definition ideal_prod :: "(nat \<Rightarrow> 'a::comm_ring_1 set) \<Rightarrow> nat set \<Rightarrow> 'a set" where
  "ideal_prod Is A = ideal_gen {\<Prod>i\<in>A. x i | x. \<forall>i\<in>A. x i \<in> Is i}"

text \<open>Fractional ideals live in the fraction field 'a fract; R is embedded via Fract r 1.\<close>
definition R_submodule :: "'a::idom fract set \<Rightarrow> bool" where
  "R_submodule J \<longleftrightarrow> 0 \<in> J \<and> (\<forall>x\<in>J. \<forall>y\<in>J. x + y \<in> J) \<and> (\<forall>r x. x \<in> J \<longrightarrow> Fract r 1 * x \<in> J)"

definition frac_mult :: "'a::idom set \<Rightarrow> 'a fract set \<Rightarrow> 'a fract set" where
  "frac_mult I J = {\<Sum>i<m. Fract (a i) 1 * b i | (m::nat) (a::nat \<Rightarrow> 'a) (b::nat \<Rightarrow> 'a fract). \<forall>i<m. a i \<in> I \<and> b i \<in> J}"

definition invertible_ideal :: "'a::idom set \<Rightarrow> bool" where
  "invertible_ideal I \<longleftrightarrow> (\<exists>J. R_submodule J \<and> frac_mult I J = range (\<lambda>r. Fract r 1))"

definition pruefer_domain :: "'a::idom itself \<Rightarrow> bool" where
  "pruefer_domain _ \<longleftrightarrow> (\<forall>I::'a set. is_ideal I \<and> I \<noteq> {0} \<and> fin_gen_ideal I \<longrightarrow> invertible_ideal I)"

definition n_absorbing :: "nat \<Rightarrow> 'a::comm_ring_1 set \<Rightarrow> bool" where
  "n_absorbing n I \<longleftrightarrow> is_ideal I \<and>
     (\<forall>x :: nat \<Rightarrow> 'a. (\<Prod>i\<le>n. x i) \<in> I \<longrightarrow> (\<exists>j\<le>n. (\<Prod>i\<in>{..n} - {j}. x i) \<in> I))"

definition strongly_n_absorbing :: "nat \<Rightarrow> 'a::comm_ring_1 set \<Rightarrow> bool" where
  "strongly_n_absorbing n I \<longleftrightarrow> is_ideal I \<and>
     (\<forall>Is :: nat \<Rightarrow> 'a set. (\<forall>i\<le>n. is_ideal (Is i)) \<longrightarrow> ideal_prod Is {..n} \<subseteq> I \<longrightarrow>
        (\<exists>j\<le>n. ideal_prod Is ({..n} - {j}) \<subseteq> I))"

end

theory Submission
  imports Defs
begin

text \<open>Suppose \<open>I\<^sub>0 \<cdots> I\<^sub>n \<subseteq> I\<close> but no product of \<open>n\<close> of the ideals is contained in \<open>I\<close>.
  Then for every \<open>j\<close> there are elements \<open>z j i \<in> I\<^sub>i\<close> (\<open>i \<noteq> j\<close>) whose product \<open>y\<^sub>j\<close> is not in
  \<open>I\<close>, and a maximal ideal \<open>M\<^sub>j\<close> containing \<open>(I : y\<^sub>j)\<close>. In a Pruefer domain the finitely
  generated ideal \<open>J\<^sub>i \<subseteq> I\<^sub>i\<close> generated by the \<open>z j i\<close> is invertible, hence locally principal,
  and prime avoidance yields a single \<open>x\<^sub>i \<in> J\<^sub>i\<close> generating \<open>J\<^sub>i\<close> locally at each of the
  finitely many \<open>M\<^sub>j\<close>. As \<open>x\<^sub>0 \<cdots> x\<^sub>n \<in> I\<close>, the \<open>n\<close>-absorbing property removes some factor
  \<open>x\<^sub>j\<close>; locally at \<open>M\<^sub>j\<close> the remaining product divides \<open>y\<^sub>j\<close>, so \<open>s y\<^sub>j \<in> I\<close> for some
  \<open>s \<notin> M\<^sub>j\<close>, contradicting \<open>(I : y\<^sub>j) \<subseteq> M\<^sub>j\<close>.\<close>

lemma ideal_zero: "is_ideal I \<Longrightarrow> 0 \<in> I"
  by (simp add: is_ideal_def)

lemma ideal_add: "is_ideal I \<Longrightarrow> x \<in> I \<Longrightarrow> y \<in> I \<Longrightarrow> x + y \<in> I"
  by (simp add: is_ideal_def)

lemma ideal_mult_left: "is_ideal I \<Longrightarrow> x \<in> I \<Longrightarrow> r * x \<in> I"
  by (simp add: is_ideal_def)

lemma ideal_mult_right: "is_ideal I \<Longrightarrow> x \<in> I \<Longrightarrow> x * r \<in> I"
  using ideal_mult_left[of I x r] by (simp add: mult.commute)

lemma ideal_dvd: "is_ideal I \<Longrightarrow> x \<in> I \<Longrightarrow> x dvd y \<Longrightarrow> y \<in> I"
  by (auto elim!: dvdE intro: ideal_mult_right)

lemma ideal_diff: "is_ideal I \<Longrightarrow> x \<in> I \<Longrightarrow> y \<in> I \<Longrightarrow> x - y \<in> I"
  using ideal_add[of I x "-1 * y"] ideal_mult_left[of I y "-1"] by simp

lemma ideal_sum: "is_ideal I \<Longrightarrow> (\<And>i. i \<in> A \<Longrightarrow> f i \<in> I) \<Longrightarrow> sum f A \<in> I"
  by (induction A rule: infinite_finite_induct) (auto intro: ideal_zero ideal_add)

lemma ideal_gen_subset: "S \<subseteq> ideal_gen S"
  unfolding ideal_gen_def by blast

lemma ideal_gen_minimal: "is_ideal J \<Longrightarrow> S \<subseteq> J \<Longrightarrow> ideal_gen S \<subseteq> J"
  unfolding ideal_gen_def by blast

lemma is_ideal_ideal_gen: "is_ideal (ideal_gen S)"
  unfolding ideal_gen_def by (simp add: is_ideal_def)

lemma is_ideal_colon: "is_ideal I \<Longrightarrow> is_ideal {r. r * y \<in> I}"
  unfolding is_ideal_def by (simp add: distrib_right mult.assoc)

lemma prod_in_ideal_prod: "(\<And>i. i \<in> A \<Longrightarrow> x i \<in> Is i) \<Longrightarrow> prod x A \<in> ideal_prod Is A"
  unfolding ideal_prod_def by (rule subsetD[OF ideal_gen_subset]) blast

- - -

THE PROBLEM: Scan the listing above and identify each line holding the string "simp"; copy every such line.

TASK RESPONSE:
  by (simp add: is_ideal_def)
  by (simp add: is_ideal_def)
  by (simp add: is_ideal_def)
  using ideal_mult_left[of I x r] by (simp add: mult.commute)
  using ideal_add[of I x "-1 * y"] ideal_mult_left[of I y "-1"] by simp
  unfolding ideal_gen_def by (simp add: is_ideal_def)
  unfolding is_ideal_def by (simp add: distrib_right mult.assoc)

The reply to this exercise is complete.